乡下人产国偷v产偷v自拍,国产午夜片在线观看,婷婷成人亚洲综合国产麻豆,久久综合给合久久狠狠狠9

  • <output id="e9wm2"></output>
    <s id="e9wm2"><nobr id="e9wm2"><ins id="e9wm2"></ins></nobr></s>

    • 分享

      python爬蟲獲取hsk動態(tài)作文語料庫語料

       岳士君 2015-12-15

      # 將程序、keyword文件放在桌面,執(zhí)行程序。
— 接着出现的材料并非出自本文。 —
lemma sum_xlnx_convex_combination:
  assumes "finite F" "\<forall>p\<in>F. 0 \<le> c p" "sum c F = 1" "\<forall>p\<in>F. \<forall>j. 0 \<le> p j"
  defines "q \<equiv> \<lambda>j. \<Sum>p\<in>F. c p * p j"
  shows "sum_xlnx L q \<le> (\<Sum>p\<in>F. c p * sum_xlnx L p)"
    and "sum_xlnx L q = (\<Sum>p\<in>F. c p * sum_xlnx L p) \<Longrightarrow>
      \<forall>j\<in>{1..L}. \<forall>p\<in>F. 0 < c p \<longrightarrow> p j = q j"
proof -
  have nonneg: "\<forall>p\<in>F. 0 \<le> p j" for j using assms(4) by blast
  define A where "A j = (\<Sum>p\<in>F. c p * xlnx (p j))" for j
  have jensen: "xlnx (q j) \<le> A j" for j
    unfolding q_def A_def using xlnx_jensen(1)[OF assms(1-3) nonneg] .
  have sum_A: "(\<Sum>j\<in>{1..L}. A j) = (\<Sum>p\<in>F. c p * sum_xlnx L p)"
    unfolding A_def sum_xlnx_def by (simp add: sum_distrib_left) (rule sum.swap)
  have "sum_xlnx L q \<le> (\<Sum>j\<in>{1..L}. A j)"
    unfolding sum_xlnx_def using jensen by (rule sum_mono)
  then show "sum_xlnx L q \<le> (\<Sum>p\<in>F. c p * sum_xlnx L p)" unfolding sum_A .
  assume "sum_xlnx L q = (\<Sum>p\<in>F. c p * sum_xlnx L p)"
  then have "(\<Sum>j\<in>{1..L}. A j - xlnx (q j)) = 0"
    using sum_A unfolding sum_xlnx_def by (simp add: sum_subtractf)
  then have "\<forall>j\<in>{1..L}. xlnx (q j) = A j"
    using sum_nonneg_eq_0_iff[of "{1..L}" "\<lambda>j. A j - xlnx (q j)"] jensen by simp
  then show "\<forall>j\<in>{1..L}. \<forall>p\<in>F. 0 < c p \<longrightarrow> p j = q j"
    using xlnx_jensen(2)[OF assms(1-3) nonneg] unfolding A_def q_def by simp
qed

lemma sum_xlnx_conv_hull:
  assumes P: "\<forall>p\<in>P. (\<forall>j. 0 \<le> p j) \<and> (\<forall>j. j \<notin> {1..L} \<longrightarrow> p j = 0) \<and> sum_xlnx L p \<le> m"
    and "q \<in> conv_hull P"
  shows "sum_xlnx L q \<le> m" and "sum_xlnx L q = m \<Longrightarrow> q \<in> P"
proof -
  obtain F c where F: "finite F" "F \<subseteq> P" and c: "\<forall>p\<in>F. 0 \<le> c p" "sum c F = 1"
    and q: "q = (\<lambda>j. \<Sum>p\<in>F. c p * p j)"
    using assms(2) unfolding conv_hull_def by blast
  have "\<forall>p\<in>F. \<forall>j. 0 \<le> p j" using F(2) P by blast
  note jensen = sum_xlnx_convex_combination[OF F(1) c this, of L, folded q]
  have "(\<Sum>p\<in>F. c p * sum_xlnx L p) \<le> (\<Sum>p\<in>F. c p * m)"
    using F(2) P c(1) by (intro sum_mono mult_left_mono) auto
  also have "\<dots> = m" using c(2) by (simp flip: sum_distrib_right)
  finally have sum_le: "(\<Sum>p\<in>F. c p * sum_xlnx L p) \<le> m" .
  with jensen(1) show "sum_xlnx L q \<le> m" by linarith
  assume "sum_xlnx L q = m"
  with jensen(1) sum_le have "sum_xlnx L q = (\<Sum>p\<in>F. c p * sum_xlnx L p)" by linarith
  then have agree: "\<forall>j\<in>{1..L}. \<forall>p\<in>F. 0 < c p \<longrightarrow> p j = q j" using jensen(2) q by simp
  obtain p0 where "p0 \<in> F" "0 < c p0"
    using c F(1) sum_nonneg_eq_0_iff[OF F(1), of c] by force
  have "q = p0"
  proof
    fix j
    show "q j = p0 j"
    proof (cases "j \<in> {1..L}")
      case True
      then show ?thesis using agree \<open>p0 \<in> F\<close> \<open>0 < c p0\<close> by simp
    next
      case False
      then have vanish: "\<forall>p\<in>F. p j = 0" using F(2) P by blast
      then have "(\<Sum>p\<in>F. c p * p j) = 0" by (intro sum.neutral) simp
      then show ?thesis unfolding q using vanish \<open>p0 \<in> F\<close> by simp
    qed
  qed
  then show "q \<in> P" using F(2) \<open>p0 \<in> F\<close> by blast
qed
lemma ex_isometry_if_dist_eq:
  fixes x y :: "'a \<Rightarrow> complex"
  assumes dist_eq: "\<And>i j. dist (y i) (y j) = dist (x i) (x j)"
  obtains f where "\<And>a b. dist (f a) (f b) = dist a b" "\<And>i. y i = f (x i)"
proof (cases "\<forall>i j. x i = x j")
  case True
  show ?thesis
  proof (rule that[of "\<lambda>z. z - x undefined + y undefined"])
    fix a b :: complex
    show "dist (a - x undefined + y undefined) (b - x undefined + y undefined) = dist a b"
      by (simp add: dist_norm)
  next
    fix i
    have "x i = x undefined" using True by blast
    moreover from this have "y i = y undefined" using dist_eq[of i undefined] by simp
    ultimately show "y i = x i - x undefined + y undefined" by simp
  qed
next
  case False
  then obtain u v where uv: "x u \<noteq> x v" by blast
  define c where "c = x v - x u"
  define k where "k = y v - y u"
  have c: "c \<noteq> 0" using uv unfolding c_def by simp
  have k: "cmod k = cmod c" using dist_eq[of v u] unfolding k_def c_def by (simp add: dist_norm)
  then have "k \<noteq> 0" using c by auto
  \<comment> \<open>Both configurations in the frame where u is at 0 and v at 1.\<close>
  define \<zeta> where "\<zeta> i = (x i - x u) / c" for i
  define \<omega> where "\<omega> i = (y i - y u) / k" for i
  have "cmod (\<omega> i - \<omega> j) = cmod (\<zeta> i - \<zeta> j)" for i j
  proof -
    have "\<omega> i - \<omega> j = (y i - y j) / k" "\<zeta> i - \<zeta> j = (x i - x j) / c"
      unfolding \<omega>_def \<zeta>_def by (simp_all add: diff_divide_distrib)
    then show ?thesis using dist_eq[of i j] k by (simp add: norm_divide dist_norm)
  qed
  moreover have "\<omega> u = 0" "\<zeta> u = 0" "\<omega> v = 1" "\<zeta> v = 1"
    unfolding \<omega>_def \<zeta>_def using c \<open>k \<noteq> 0\<close> by (simp_all add: c_def k_def)
  ultimately have "\<omega> = \<zeta> \<or> \<omega> = (\<lambda>i. cnj (\<zeta> i))" by (rule eq_or_eq_cnj_if_dist_eq_0_1)
  then obtain g :: "complex \<Rightarrow> complex" where g: "\<And>a b. cmod (g a - g b) = cmod (a - b)"
    and \<omega>g: "\<And>i. \<omega> i = g (\<zeta> i)"
  proof
    assume "\<omega> = \<zeta>"
    then show ?thesis using that[of "\<lambda>z. z"] by simp
  next
    assume "\<omega> = (\<lambda>i. cnj (\<zeta> i))"
    then show ?thesis using that[of cnj] by (metis complex_cnj_diff complex_mod_cnj)
  qed
  show ?thesis
  proof (rule that[of "\<lambda>z. y u + k * g ((z - x u) / c)"])
    fix a b
    have "(a - x u) / c - (b - x u) / c = (a - b) / c" by (simp add: diff_divide_distrib)
    then show "dist (y u + k * g ((a - x u) / c)) (y u + k * g ((b - x u) / c)) = dist a b"
      using g[of "(a - x u) / c" "(b - x u) / c"] k c
      by (simp add: dist_norm norm_mult norm_divide flip: right_diff_distrib)
  next
    fix i
    show "y i = y u + k * g ((x i - x u) / c)"
      using \<omega>g[of i] \<open>k \<noteq> 0\<close> unfolding \<omega>_def \<zeta>_def by (simp add: field_simps)
  qed
qed
(* Suppose an SCC $F$ is pure-Nash-implemented by $\mathcal M=\langle M,g\rangle$. Let $(i,\theta)\in\mathcal I\times\Theta$ and $m\in PNE^{(\mathcal M,\theta)}$. If $F(\theta)\subseteq\arg\min_{z\in Z^*}u_i^\theta(z)$, $\Xi_i(\theta)\ne\emptyset$, and $Z^*\cap\mathcal L_i^Z(F(\theta),\theta)$ is an $i$-$Z^*$-max set, then $$\bigcup_{m_i'\in M_i}\mathrm{SUPP}[g(m_i',m_{-i})]\subseteq Z^*\cap\mathcal L_i^Z(F(\theta),\theta)\cap\Big(\bigcup_{K\in\Xi_i(\theta)}\bigcap_{\theta'\in K}F(\theta')\Big).$$
   Context: Standing setup: $\mathcal I=\{1,\dots,I\}$ finite, $I\ge 3$; $\Theta$ finite or countably infinite; $Z$ finite; $Y=\Delta(Z)$; $u_i^\theta:Z\to\mathbb R$, $U_i^\theta(y)=\sum_zy_zu_i^\theta(z)$; $\mathcal L_i^Z(\alpha,\theta)=\{z\in Z:U_i^\theta(\alpha)\ge u_i^\theta(z)\}$ and $\mathcal L_i^Z(E,\theta)=\bigcap_{z\in E}\mathcal L_i^Z(z,\theta)$. A mechanism $\mathcal M=\langle M=\times_iM_i,g:M\to Y\rangle$ has countable $M_i$; $PNE^{(\mathcal M,\theta)}$ is the set of pure Nash equilibria at $\theta$. $F$ is pure-Nash-implemented by $\mathcal M$ if $\bigcup_{m\in PNE^{(\mathcal M,\theta)}}\mathrm{SUPP}(g[m])=F(\theta)$ for all $\theta$. A nonempty $E\subseteq Z$ is an $i$-max set if for some $\theta$, $E\subseteq\arg\max_{z\in E}u_i^\theta(z)$ and $E\subseteq\arg\max_{z\in Z}u_j^\theta(z)$ for all $j\ne i$. $Z^*=\bigcup_\theta F(\theta)$ if $Z$ is an $i$-max set for some $i$, else $Z^*=Z$. A nonempty $E\subseteq Z^*$ is an $i$-$Z^*$-$\theta$-max set if $E\subseteq\arg\max_{z\in E}u_i^\theta(z)$ and $E\subseteq\arg\max_{z\in Z^*}u_j^\theta(z)$ for all $j\ne i$; $\Lambda^i(E)=\{\theta:E\text{ is an }i\text{-}Z^*\text{-}\theta\text{-max set}\}$ ($=\emptyset$ for $E=\emptyset$); $E$ is an $i$-$Z^*$-max set if $\Lambda^i(E)\ne\emptyset$. $\Theta_i^\theta=\{\theta':F(\theta)\text{ is an }i\text{-}Z^*\text{-}\theta'\text{-max set and }F(\theta)\subseteq F(\theta')\}$; $\Xi_i(\theta)=\{K\subseteq\Theta_i^\theta,K\ne\emptyset:\Theta_i^\theta\cap\Lambda^i(Z^*\cap\mathcal L_i^Z(F(\theta),\theta)\cap\bigcap_{\theta'\in K}F(\theta'))=K\}$. *)

theory Defs
  imports "HOL-Probability.Probability_Mass_Function"
begin

text \<open>Agents: type 'i (finite); states: type 'th (countable); outcomes: type 'z (finite).
  Lotteries Y = Delta(Z) are represented by 'z pmf; SUPP = set_pmf.
  Preferences: u :: 'i => 'th => 'z => real.\<close>

definition expU :: "('i \<Rightarrow> 'th \<Rightarrow> 'z::finite \<Rightarrow> real) \<Rightarrow> 'i \<Rightarrow> 'th \<Rightarrow> 'z pmf \<Rightarrow> real" where
  "expU u i th y = (\<Sum>z\<in>UNIV. pmf y z * u i th z)"

definition argmax_on :: "('z \<Rightarrow> real) \<Rightarrow> 'z set \<Rightarrow> 'z set" where
  "argmax_on f S = {z \<in> S. \<forall>z'\<in>S. f z' \<le> f z}"

definition argmin_on :: "('z \<Rightarrow> real) \<Rightarrow> 'z set \<Rightarrow> 'z set" where
  "argmin_on f S = {z \<in> S. \<forall>z'\<in>S. f z \<le> f z'}"
(* For $n\ge 2$ and $k\ge 3$, \[a_{n,k}(213) = \sum_{j=2}^{n} b_{j,k}(213)\,a_{n+1-j,k}(213),\] where $a_{n,k}(213)$ is the number of cyclic permutations $\pi\in\mathfrak S_n$ whose one-line notation avoids $\delta_k=k(k-1)\cdots21$ and whose cycle form $C(\pi)$ avoids $213$, and $b_{n,k}(213)$ is the number of such permutations that additionally satisfy $\pi_1=n$.
   Context: A permutation $\pi\in\mathfrak S_n$ is cyclic if it consists of a single $n$-cycle. For cyclic $\pi$, $C(\pi)=(1,c_2,\dots,c_n)$ with $c_2=\pi(1)$, $c_{i+1}=\pi(c_i)$, viewed as the sequence $1c_2\cdots c_n$ for pattern avoidance. A sequence avoids a pattern $\sigma\in\mathfrak S_m$ if no subsequence of length $m$ is in the same relative order as $\sigma$. The one-line notation of $\pi$ is $\pi_1\cdots\pi_n$, $\pi_i=\pi(i)$. *)

theory Defs
  imports "HOL-Combinatorics.Permutations"
begin

definition contains_pattern :: "nat list \<Rightarrow> nat list \<Rightarrow> bool" where
  "contains_pattern w \<sigma> \<longleftrightarrow>
     (\<exists>idx :: nat \<Rightarrow> nat.
        (\<forall>a b. a < b \<and> b < length \<sigma> \<longrightarrow> idx a < idx b) \<and>
        (\<forall>a < length \<sigma>. idx a < length w) \<and>
        (\<forall>a < length \<sigma>. \<forall>b < length \<sigma>. (w ! idx a < w ! idx b \<longleftrightarrow> \<sigma> ! a < \<sigma> ! b)))"

definition avoids :: "nat list \<Rightarrow> nat list \<Rightarrow> bool" where
  "avoids w \<sigma> \<longleftrightarrow> \<not> contains_pattern w \<sigma>"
注意:keyword文本文件需每詞一行。

      import requests
      import bs4
      import re

      base_url = 'http://202.112.195.192:8060/hsk/'

      # 獲得關(guān)鍵詞的html頁面-第一頁
      def get_page(keyword, page_num=None):
          headers = {'User-Agent':'Mozilla/5.0 (Windows NT 6.1; WOW64) AppleWebKit/537.36 (KHTML, like Gecko) Chrome/47.0.2526.73 Safari/537.36',}
          cookies = dict(ASPSESSIONIDSQASCRST='JKENNPPCMNBHKOGDCCLIIHPA', zwyl='rights=2&utime=2015%2F12%2F14+9%3A12%3A21&username=rebellion51')
          params = dict(keyword=keyword.encode('gb2312'),  kind='ci', radiobutton='all', page=page_num)
          response = requests.get(base_url+'googlecom.asp', headers=headers, cookies=cookies, params=params)
          html = response.content.decode('gbk')
          soup = bs4.BeautifulSoup(html, 'html.parser')
          return soup

      # 解析關(guān)鍵詞所在的第一頁,獲得總頁數(shù)
      def get_total_page_num(soup):
          total_page_num = re.findall(r'共\s*(\d+)\s*頁', soup.find('div', id='Layer1').find('div').text.strip())
          return int(total_page_num[0])

      # 解析html,獲得句子
      def get_sentences(html):
              tds = html.find('div', id='Layer1').find('table').find_all('td')[1::2]
              sentences = [td.text.replace('原始語料', '').strip() for td in tds]
              return sentences

      # 將每個關(guān)鍵詞出現(xiàn)的所有句子保存到文件
      def save_sentences(html, keyword):
          with open(keyword+'.txt', 'at') as f:
              for i in html:
                  f.write(i+'\n')

      # 從keyword文件中獲得關(guān)鍵詞列表
      with open('keyword.txt', 'rt') as f:
          keywords = f.readlines()
          keywords = [key.strip() for key in keywords]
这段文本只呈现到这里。